Cramer analyzed the movement of the S&P500 stocks, only 21 of which remained standing at a level the same or higher than the level going into their bullish quarters. Of these 21, Cramer narrowed down six that were worth buying. Jabil Circuit (JABL) assembles all things tech, and is up 11% since Cramer recommended it in July. It trades at a multiple of 7 and has a 12% growth rate. Weyerhaeuser (WY) is one of Cramer's favorite ways to play the impending housing boom. Noble (NBL) is a strong oil company up 17% since Cramer recommended it. Noble is shifting to become 50/50 natural gas and oil and is expanding production around the world. Goodrich (GR) is a play on the multi-year aerospace cycle and trades at 16 times next year's earnings with a 20% growth rate. Wellpoint (WLP) is Cramer's HMO of choice, and he predicts there will be pressure off the group since the elections. The company trades at a multiple of 8.5 with a double digit growth rate.

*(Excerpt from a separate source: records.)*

lemma gcp_error_le_failures:
  fixes F :: "('d \<Rightarrow> nat) set"
  assumes F: "\<forall>m\<in>F. n - 1 \<le> norm1 m" and n: "n \<ge> 1"
    and sol: "gcp_solution ({i. norm1 i \<le> n} - F) c"
  defines "err \<equiv> L2norm (\<lambda>x. u x - (\<Sum>i\<in>{i. norm1 i \<le> n} - F. c i * interp u i x))"
    and "b \<equiv> (1/3) ^ CARD('d) * M * (1/4) ^ n"
  shows "err \<le> eps_n CARD('d) n M + b * (4 * card (level (n - 1) :: ('d \<Rightarrow> nat) set) + card (level n :: ('d \<Rightarrow> nat) set))"
    and "err \<le> eps_n CARD('d) n M + b * ((4 + CARD('d)) * card (F \<inter> level (n - 1)) + card (F \<inter> level n))"
proof -
  let ?B = "(1/3) ^ CARD('d) * M"
  let ?missing = "(\<Sum>j\<in>{j. norm1 j \<le> n} - available_core n F. (1/4::real) ^ norm1 j)"
  have B: "?B \<ge> 0" using M_nonneg by simp
  have d: "CARD('d) \<ge> 1" by (simp add: Suc_leI)
  have "err \<le> ?B * (tail_weight (CARD('d) - 1) n + ?missing)"
    unfolding err_def using available_core_subset[of n F]
    by (intro gcp_error_le[OF _ _ available_core_down_closed sol]) auto
  also have "\<dots> = eps_n CARD('d) n M + ?B * ?missing"
    by (simp only: eps_n_eq_tail_weight[OF d] distrib_left)
  finally have err: "err \<le> eps_n CARD('d) n M + ?B * ?missing" .
  have b: "?B * ((1/4) ^ n * X) = b * X" for X unfolding b_def by (simp only: mult.assoc)
  show "err \<le> eps_n CARD('d) n M + b * (4 * card (level (n - 1) :: ('d \<Rightarrow> nat) set) + card (level n :: ('d \<Rightarrow> nat) set))"
    using err mult_left_mono[OF missing_weight_le(1)[OF F n] B] unfolding b by linarith
  show "err \<le> eps_n CARD('d) n M + b * ((4 + CARD('d)) * card (F \<inter> level (n - 1)) + card (F \<inter> level n))"
    using err mult_left_mono[OF missing_weight_le(2)[OF F n] B] unfolding b by linarith
qed

lemma error_bounds_realization:
  fixes V :: "('d \<Rightarrow> nat) \<Rightarrow> nat"
  assumes n: "n \<ge> 1" and V01: "\<And>i. V i \<in> {0, 1}" and small: "\<And>m. norm1 m < n - 1 \<Longrightarrow> V m = 0"
    and sol: "gcp_solution {i. norm1 i \<le> n \<and> V i = 0} c"
  defines "err \<equiv> L2norm (\<lambda>x. u x - (\<Sum>i\<in>{i. norm1 i \<le> n \<and> V i = 0}. c i * interp u i x))"
  shows "err \<le> 16 * eps_n CARD('d) n M \<and> err \<le> eps_n CARD('d) n M + (1/3) ^ CARD('d) * M * (1/4) ^ n
           * ((4 + real CARD('d)) * card {j \<in> level (n - 1). V j = 1} + card {j \<in> level n. V j = 1})"
proof
  let ?F = "{i. V i = 1}" and ?C = "(n + CARD('d)) choose (CARD('d) - 1)"
  let ?b = "(1/3) ^ CARD('d) * M * (1/4) ^ n"
  have I: "{i. norm1 i \<le> n \<and> V i = 0} = {i. norm1 i \<le> n} - ?F" using V01 by force
  have F: "\<forall>m\<in>?F. n - 1 \<le> norm1 m" using small not_le by fastforce
  have sol': "gcp_solution ({i. norm1 i \<le> n} - ?F) c" using sol unfolding I .
  note bounds = gcp_error_le_failures[OF F n sol']
  have err: "err = L2norm (\<lambda>x. u x - (\<Sum>i\<in>{i. norm1 i \<le> n} - ?F. c i * interp u i x))"
    unfolding err_def I ..
  have failed_level: "?F \<inter> level k = {j \<in> level k. V j = 1}" for k by auto
  have "4 * card (level (n - 1) :: ('d \<Rightarrow> nat) set) + card (level n :: ('d \<Rightarrow> nat) set) \<le> 5 * ?C"
    using card_level_le[where 'd='d, of "n - 1" n] card_level_le[where 'd='d, of n n] by simp
  then have "?b * real (4 * card (level (n - 1) :: ('d \<Rightarrow> nat) set) + card (level n :: ('d \<Rightarrow> nat) set))
      \<le> ?b * real (5 * ?C)"
    using M_nonneg by (intro mult_left_mono) (simp_all only: of_nat_le_iff, simp)
  also have "\<dots> = 5 * (?b * ?C)" by simp
  also have "?b * ?C \<le> 3 * eps_n CARD('d) n M"
    using eps_n_ge_top_level[OF M_nonneg, of "CARD('d)" n] by (simp add: Suc_leI)
  finally show "err \<le> 16 * eps_n CARD('d) n M" using bounds(1) unfolding err by linarith
  show "err \<le> eps_n CARD('d) n M + ?b
      * ((4 + real CARD('d)) * card {j \<in> level (n - 1). V j = 1} + card {j \<in> level n. V j = 1})"
    using bounds(2) unfolding err failed_level by simp
qed

lemma error_bounds_AE:
  fixes U :: "('d \<Rightarrow> nat) \<Rightarrow> 'w \<Rightarrow> nat" and c :: "'w \<Rightarrow> ('d \<Rightarrow> nat) \<Rightarrow> real"
  assumes n: "n \<ge> 1" and U01: "\<And>i w. w \<in> space P \<Longrightarrow> U i w \<in> {0, 1}"
    and U_small: "\<And>i. norm1 i < n - 1 \<Longrightarrow> (AE w in P. U i w = 0)"
    and sol: "\<And>w. w \<in> space P \<Longrightarrow> gcp_solution {i. norm1 i \<le> n \<and> U i w = 0} (c w)"
  shows "AE w in P.
    L2norm (\<lambda>x. u x - (\<Sum>i\<in>{i. norm1 i \<le> n \<and> U i w = 0}. c w i * interp u i x)) \<le> 16 * eps_n CARD('d) n M
  \<and> L2norm (\<lambda>x. u x - (\<Sum>i\<in>{i. norm1 i \<le> n \<and> U i w = 0}. c w i * interp u i x))
      \<le> eps_n CARD('d) n M + (1/3) ^ CARD('d) * M * (1/4) ^ n
         * ((4 + real CARD('d)) * card {j \<in> level (n - 1). U j w = 1} + card {j \<in> level n. U j w = 1})"
proof -
  have "AE w in P. \<forall>m\<in>{m. norm1 m < n - 1}. U m w = 0"
    using U_small by (subst AE_ball_countable) (auto intro: countable_finite finite_subset[OF _ finite_norm1_le])
  then show ?thesis
    by (rule AE_mp, intro AE_I2 impI error_bounds_realization[OF n]) (use U01 sol in auto)
qed
lemma nn_integral_PiM_insert:
  assumes "finite I" "a \<notin> I" and "F \<in> borel_measurable (PiM (insert a I) (\<lambda>_. S))"
  shows "(\<integral>\<^sup>+\<omega>. F \<omega> \<partial>PiM (insert a I) Q) = (\<integral>\<^sup>+y. \<integral>\<^sup>+x. F (x(a := y)) \<partial>PiM I Q \<partial>Q a)"
  using assms by (intro product_nn_integral_insert_rev) simp_all

lemma nn_integral_sum_uminus_PiM:
  fixes Z :: "'a \<Rightarrow> real"
  assumes "finite I" and [measurable]: "Z \<in> borel_measurable S"
    and sym: "\<And>i F. i \<in> I \<Longrightarrow> F \<in> borel_measurable borel \<Longrightarrow>
      (\<integral>\<^sup>+y. F (Z y) \<partial>Q i) = (\<integral>\<^sup>+y. F (- Z y) \<partial>Q i)"
    and "F \<in> borel_measurable borel"
  shows "(\<integral>\<^sup>+\<omega>. F (\<Sum>i\<in>I. Z (\<omega> i)) \<partial>PiM I Q) = (\<integral>\<^sup>+\<omega>. F (- (\<Sum>i\<in>I. Z (\<omega> i))) \<partial>PiM I Q)"
  using assms(1,3,4)
proof (induction I arbitrary: F rule: finite_induct)
  case (insert a I)
  note [measurable] = insert.prems(2)
  interpret P: pair_sigma_finite "PiM I Q" "Q a" by (rule pair_sigma_finite_PiM_Q)
  let ?S = "\<lambda>x. \<Sum>i\<in>I. Z (x i)"
  have "(\<integral>\<^sup>+\<omega>. F (\<Sum>i\<in>insert a I. Z (\<omega> i)) \<partial>PiM (insert a I) Q)
      = (\<integral>\<^sup>+y. \<integral>\<^sup>+x. F (Z y + ?S x) \<partial>PiM I Q \<partial>Q a)"
    using insert.hyps by (subst nn_integral_PiM_insert) (simp_all add: sum_fun_upd_notin)
  also have "\<dots> = (\<integral>\<^sup>+y. \<integral>\<^sup>+x. F (Z y - ?S x) \<partial>PiM I Q \<partial>Q a)"
  proof (rule nn_integral_cong)
    fix y
    show "(\<integral>\<^sup>+x. F (Z y + ?S x) \<partial>PiM I Q) = (\<integral>\<^sup>+x. F (Z y - ?S x) \<partial>PiM I Q)"
      using insert.IH[of "\<lambda>t. F (Z y + t)"] insert.prems by simp
  qed
  also have "\<dots> = (\<integral>\<^sup>+x. \<integral>\<^sup>+y. F (Z y - ?S x) \<partial>Q a \<partial>PiM I Q)"
    by (rule P.Fubini') simp
  also have "\<dots> = (\<integral>\<^sup>+x. \<integral>\<^sup>+y. F (- Z y - ?S x) \<partial>Q a \<partial>PiM I Q)"
  proof (rule nn_integral_cong)
    fix x
    show "(\<integral>\<^sup>+y. F (Z y - ?S x) \<partial>Q a) = (\<integral>\<^sup>+y. F (- Z y - ?S x) \<partial>Q a)"
      using insert.prems(1)[of a "\<lambda>t. F (t - ?S x)"] by simp
  qed
  also have "\<dots> = (\<integral>\<^sup>+y. \<integral>\<^sup>+x. F (- Z y - ?S x) \<partial>PiM I Q \<partial>Q a)"
    by (rule P.Fubini'[symmetric]) simp
  also have "\<dots> = (\<integral>\<^sup>+\<omega>. F (- (\<Sum>i\<in>insert a I. Z (\<omega> i))) \<partial>PiM (insert a I) Q)"
    using insert.hyps by (subst nn_integral_PiM_insert) (simp_all add: sum_fun_upd_notin)
  finally show ?case .
qed simp
(* Let $t \ge 0$ and consider the three-taxon multispecies coalescent described in the context, with species tree of topology $AB|C$ and internal branch length $t$, and $L$ independent loci. For $XY\in\{AB,AC,BC\}$ let $N_{XY}$ be the number of loci whose gene-tree topology is $XY|Z$ (where $Z$ is the remaining species). Let $\mathbb{P}_L$ be the probability of the failure event of the $R^*$/STAR/MDC method, namely $N_{AB} < \max\{N_{AC},N_{BC}\}$. Then the limit $\alpha_{R^*}(t)=-\lim_{L\to\infty}\frac1L\ln\mathbb{P}_L$ exists and $$\alpha_{R^*}(t) = -\ln\left(2\sqrt{\tfrac13 e^{-t}\left(1-\tfrac23 e^{-t}\right)} + \tfrac13 e^{-t}\right).$$ Moreover, as $t\to0$, $\alpha_{R^*}(t)=\frac34 t^2+O(t^3)$, and as $t\to+\infty$, $\alpha_{R^*}(t) - \frac{t}{2} \to -\frac12\ln\frac43$.
   Context: Multispecies coalescent, three-taxon case: ultrametric rooted species tree on species $A,B,C$ with topology $AB|C$, equal population sizes, time in units of $N$ generations. Populations $A,B,C$, ancestral population $AB$ existing between divergence times $\tau_{AB}$ and $\tau_{ABC}$, and root population $ABC$ above $\tau_{ABC}$; $t=\tau_{ABC}-\tau_{AB}$. For each locus one lineage is sampled from each of $A,B,C$; backwards in time, each pair of lineages in the same population coalesces independently at rate $1$. Loci are independent. Thus with probability $1-e^{-t}$ the $A$ and $B$ lineages coalesce in population $AB$ (gene tree topology $AB|C$), and with probability $e^{-t}$ they do not, in which case each of the three topologies $AB|C$, $AC|B$, $BC|A$ occurs with probability $1/3$. Gene trees are known exactly. The $R^*$ consensus, STAR and MDC methods all output the most frequent gene-tree topology in this three-taxon setting. *)

theory Defs
  imports "HOL-Probability.Probability" "HOL-Library.Landau_Symbols"
begin

text \<open>Rooted gene-tree topologies on three taxa A, B, C:
  AB means AB|C, AC means AC|B, BC means BC|A.\<close>
datatype topo = AB | AC | BC

text \<open>Gene-tree topology distribution at one locus under the three-taxon
  multispecies coalescent with species tree AB|C and internal branch length t:
  with probability 1 - exp(-t) the A and B lineages coalesce in population AB
  (topology AB|C); otherwise each of the three topologies has probability 1/3.\<close>
definition gene_tree_pmf :: "real \<Rightarrow> topo pmf" where
  "gene_tree_pmf t =
     bind_pmf (bernoulli_pmf (1 - exp (- t)))
       (\<lambda>c. if c then return_pmf AB else pmf_of_set {AB, AC, BC})"
(* Consider the dimensionless Maxwell's equations in free space, $\partial_t\mathbf{E}=\nabla\times\mathbf{H}$, $\partial_t\mathbf{H}=-\nabla\times\mathbf{E}$, in their one-dimensional form ($\partial_t E=\partial_x H$, $\partial_t H=\partial_x E$), two-dimensional $\mathrm{TM}_z$ form ($\partial_t H_x=-\partial_y E_z$, $\partial_t H_y=\partial_x E_z$, $\partial_t E_z=\partial_x H_y-\partial_y H_x$), or three-dimensional form, on the unit cube with periodic boundary conditions, discretized on a uniform rectangular grid with spacings $\Delta x$ (and $\Delta y$, $\Delta z$) and time step $\Delta t$. The BFECC scheme based on the central difference scheme is second order accurate. It is stable in the $l^2$ sense if (1) in the one-dimensional case, $\Delta t\le\sqrt3\,\Delta x$; or (2) in the two-dimensional case, $\Delta t\le \dfrac{\sqrt3}{\sqrt{(1/\Delta x)^2+(1/\Delta y)^2}}$; or (3) in the three-dimensional case, $\Delta t\le \dfrac{\sqrt3}{\sqrt{(1/\Delta x)^2+(1/\Delta y)^2+(1/\Delta z)^2}}$.
   Context: Write the system as $\partial_t\mathbf{u}=\sum_{m}A_m\partial_{x_m}\mathbf{u}$ with constant matrices $A_m$. The central difference scheme is $\mathbf{U}^{n+1}_{\mathbf{j}}=\mathbf{U}^n_{\mathbf{j}}+\sum_m\frac{\Delta t}{2\Delta x_m}A_m(\mathbf{U}^n_{\mathbf{j}+\mathbf{e}_m}-\mathbf{U}^n_{\mathbf{j}-\mathbf{e}_m})$ (e.g. in 1D: $E^{n+1}_j=E^n_j+\frac{\lambda}{2}(H^n_{j+1}-H^n_{j-1})$, $H^{n+1}_j=H^n_j+\frac\lambda2(E^n_{j+1}-E^n_{j-1})$, $\lambda=\Delta t/\Delta x$). Given a linear scheme $\mathcal{L}$, its backward scheme $\mathcal{L}^*$ is $\mathcal{L}$ applied to the time-reversed system (for Maxwell, equivalently $\Delta t\to-\Delta t$ in the scheme), and the BFECC scheme based on $\mathcal{L}$ performs $\tilde{\mathbf{U}}^{n+1}=\mathcal{L}\mathbf{U}^n$, $\tilde{\mathbf{U}}^n=\mathcal{L}^*\tilde{\mathbf{U}}^{n+1}$, $\mathbf{U}^{n+1}=\mathcal{L}(\mathbf{U}^n+\tfrac12(\mathbf{U}^n-\tilde{\mathbf{U}}^n))$. Accuracy order is in the Fourier sense: with equal mesh sizes $h$ and $\Delta t/h$ fixed, a scheme with Fourier symbol matrix $Q(\mathbf{k})$ is $r$-th order accurate iff $Q(\mathbf{k})=e^{\Delta t P(i\mathbf{k})}+O(|\mathbf{k}h|^{r+1})$ as $h\to0$, where $P(i\mathbf{k})=2\pi i\sum_m k_mA_m$ is the symbol of the exact evolution. *)

theory Defs
  imports "HOL-Analysis.Analysis"
begin

text \<open>General constant-coefficient system  u_t = sum_m A_m u_{x_m}  with state
  in complex^'s and spatial dimension given by the finite type 'd.
  Grid functions are defined on the integer lattice int^'d.\<close>

type_synonym ('d, 's) gridfun = "int^'d::finite \<Rightarrow> complex^'s::finite"

definition cmat_scale :: "complex \<Rightarrow> complex^'s::finite^'s \<Rightarrow> complex^'s^'s" where
  "cmat_scale c M = (\<chi> a b. c * M$a$b)"

definition cvec_scale :: "complex \<Rightarrow> complex^'s::finite \<Rightarrow> complex^'s" where
  "cvec_scale c v = (\<chi> a. c * v$a)"

definition mpow :: "complex^'s::finite^'s \<Rightarrow> nat \<Rightarrow> complex^'s^'s" where
  "mpow M n = (((**) M) ^^ n) (mat 1)"

definition mexp :: "complex^'s::finite^'s \<Rightarrow> complex^'s^'s" where
  "mexp M = (\<Sum>n. (1 / fact n) *\<^sub>R mpow M n)"

definition central ::
  "('d::finite \<Rightarrow> complex^'s^'s) \<Rightarrow> real \<Rightarrow> ('d \<Rightarrow> real) \<Rightarrow> ('d,'s) gridfun \<Rightarrow> ('d,'s) gridfun" where
  "central A dt dx U = (\<lambda>j. U j + (\<Sum>m\<in>UNIV. (dt / (2 * dx m)) *\<^sub>R
        (A m *v (U (j + axis m 1) - U (j - axis m 1)))))"

definition central_backward ::
  "('d::finite \<Rightarrow> complex^'s^'s) \<Rightarrow> real \<Rightarrow> ('d \<Rightarrow> real) \<Rightarrow> ('d,'s) gridfun \<Rightarrow> ('d,'s) gridfun" where
  "central_backward A dt dx = central (\<lambda>m. - A m) dt dx"

definition bfecc ::
  "('d::finite \<Rightarrow> complex^'s^'s) \<Rightarrow> real \<Rightarrow> ('d \<Rightarrow> real) \<Rightarrow> ('d,'s) gridfun \<Rightarrow> ('d,'s) gridfun" where
  "bfecc A dt dx U =
     (let Ut1 = central A dt dx U;
          Ut0 = central_backward A dt dx Ut1
      in central A dt dx (\<lambda>j. U j + (1/2) *\<^sub>R (U j - Ut0 j)))"

definition exact_symbol :: "('d::finite \<Rightarrow> complex^'s^'s) \<Rightarrow> real^'d \<Rightarrow> complex^'s^'s" where
  "exact_symbol A k = cmat_scale (2 * pi * \<i>) (\<Sum>m\<in>UNIV. k$m *\<^sub>R A m)"

definition plane_wave :: "real \<Rightarrow> real^'d::finite \<Rightarrow> complex^'s \<Rightarrow> ('d,'s) gridfun" where
  "plane_wave h k v = (\<lambda>j. cvec_scale (exp (2 * pi * \<i> * of_real (\<Sum>m\<in>UNIV. k$m * h * of_int (j$m)))) v)"

text \<open>Accuracy of order r in the Fourier sense: with equal mesh sizes h and
  dt/h = nu fixed, the Fourier symbol Q(k) (the matrix by which the scheme
  multiplies a plane wave with wave vector k) satisfies
  Q(k) = exp(dt P(ik)) + O(|k h|^(r+1)) as h -> 0.  Q(k) v is the value at
  the grid point 0 of the scheme applied to the plane wave with amplitude v.\<close>
definition fourier_accurate ::
  "nat \<Rightarrow> (('d::finite \<Rightarrow> complex^'s^'s) \<Rightarrow> real \<Rightarrow> ('d \<Rightarrow> real) \<Rightarrow> ('d,'s) gridfun \<Rightarrow> ('d,'s) gridfun)
      \<Rightarrow> ('d \<Rightarrow> complex^'s^'s) \<Rightarrow> bool" where
  "fourier_accurate r S A \<longleftrightarrow>
     (\<forall>\<nu>>0. \<exists>C \<delta>. \<delta> > 0 \<and>
        (\<forall>h k v. h > 0 \<longrightarrow> norm (h *\<^sub>R k) \<le> \<delta> \<longrightarrow>
           norm (S A (\<nu> * h) (\<lambda>m. h) (plane_wave h k v) 0
                 - mexp (cmat_scale (of_real (\<nu> * h)) (exact_symbol A k)) *v v)
             \<le> C * norm (h *\<^sub>R k) ^ (r + 1) * norm v))"
lemma exists_lex_max_dual_value:
  obtains \<alpha> where "\<forall>p\<in>subs H. 0 \<le> \<alpha> p"
    and "\<And>\<gamma>. \<forall>p\<in>subs H. 0 \<le> \<gamma> p \<Longrightarrow> dual_value \<gamma> \<le> dual_value \<alpha>"
    and "\<And>\<gamma>. \<forall>p\<in>subs H. 0 \<le> \<gamma> p \<Longrightarrow> dual_value \<gamma> = dual_value \<alpha> \<Longrightarrow>
           sum \<alpha> (subs H) \<le> sum \<gamma> (subs H)"
proof -
  obtain \<alpha> where "\<alpha> \<in> dual_box"
    and max: "\<And>\<gamma>. \<gamma> \<in> dual_box \<Longrightarrow> dual_value \<gamma> \<le> dual_value \<alpha>"
    and min: "\<And>\<gamma>. \<gamma> \<in> dual_box \<Longrightarrow> dual_value \<gamma> = dual_value \<alpha> \<Longrightarrow> sum \<alpha> (subs H) \<le> sum \<gamma> (subs H)"
    by (fact exists_lex_max_on_dual_box)
  have cap_max: "dual_value \<gamma> \<le> dual_value (cap \<gamma>)" "dual_value (cap \<gamma>) \<le> dual_value \<alpha>"
    if "\<forall>p\<in>subs H. 0 \<le> \<gamma> p" for \<gamma>
    using dual_value_le_cap[OF that] max[OF cap_in_dual_box[OF that]] by auto
  show thesis
  proof (rule that)
    show "\<forall>p\<in>subs H. 0 \<le> \<alpha> p"
      using dual_box_nonneg \<open>\<alpha> \<in> dual_box\<close> by blast
    show "dual_value \<gamma> \<le> dual_value \<alpha>" if "\<forall>p\<in>subs H. 0 \<le> \<gamma> p" for \<gamma>
      using cap_max[OF that] by linarith
    show "sum \<alpha> (subs H) \<le> sum \<gamma> (subs H)"
      if "\<forall>p\<in>subs H. 0 \<le> \<gamma> p" "dual_value \<gamma> = dual_value \<alpha>" for \<gamma>
    proof -
      have "dual_value (cap \<gamma>) = dual_value \<alpha>"
        using cap_max[OF that(1)] that(2) by linarith
      then have "sum \<alpha> (subs H) \<le> sum (cap \<gamma>) (subs H)"
        using min cap_in_dual_box[OF that(1)] by blast
      then show ?thesis
        using sum_cap_le[of \<gamma>] by linarith
    qed
  qed
qed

These six stocks form Cramer's diversified momentum portfolio; "We will keep coming back to these stocks," he said. "
Things are looking up for housing, if Home Depot (HD) and Lowe's (LOW) are any indication. Cramer also pointed to the record pending home sales number. The question is which financial is a buy in a housing comeback, since most banks have damaged portfolios. Cramer thinks Wells Fargo (WFC), the country's leading lender, will continue to lead. Wells Fargo didn't make as many bad loans as competitors and benefited greatly from the Wachovia acquisition.
"It has the legacy inventory and the underwriting capacity to really go to work,” Cramer said, “when the public realizes that rates are done going down.”
Cramer would buy Warren Buffett's favorite bank on the incipient housing recovery.
Cramer told one viewer that Nordic American (NAT) was a broken stock, not a broken company, but the problem is sector wide "there are just too many ships." Even though Cisco (CSCO) has caught some upgrades, he still won't get behind the stock because it disappointed him two times in a row and has "lost control of its destiny....there are 499 stocks in the S&P 500 I like better than Cisco," Cramer said.
Transocean (RIG) can sustain recovery and is an "excellent company." OptionsXpress's (OXPS) "incredibly huge special dividend" was not unexpected, since the company said it would be returning excess capital to shareholders. Cramer thinks the move is smart and says "the naysayers have been unbelievably wrong" about the stock.
Cramer admits he is baffled about Motricity's (MOTR) decline on Friday; "It is very unnerving...sometimes strange things happen to stocks." Finally, MEMC (WFR) is an inexpensive stock which should see a significant upside next year.
Pessimism Painted by Numbers
"Don't overthink the market," says Cramer. With doom and gloom beginning on Monday over Ben Bernanke's comments on 60 Minutes, the Dow was down only 20 points by the end of the day. Bernanke's comments were not bad news; he simply said he would keep stimulating the economy if jobs didn't pick up. Would a better solution have been for him to say he would do nothing?
Gold and oil have been strong, but why be negative about this trend? Both indicate growth in demand. Cramer denied gold's rise was because of a weak dollar, because the yellow metal has been climbing for a decade, regardless of the movement of the dollar. Housing doesn't seem to be improving. But is it getting worse? Cramer says housing is currently treading water, but looking at pending home sales, the sector will come back before long.
Cramer urged viewers not to be fooled by "pessimism painted by numbers," especially since earnings have generally been strong.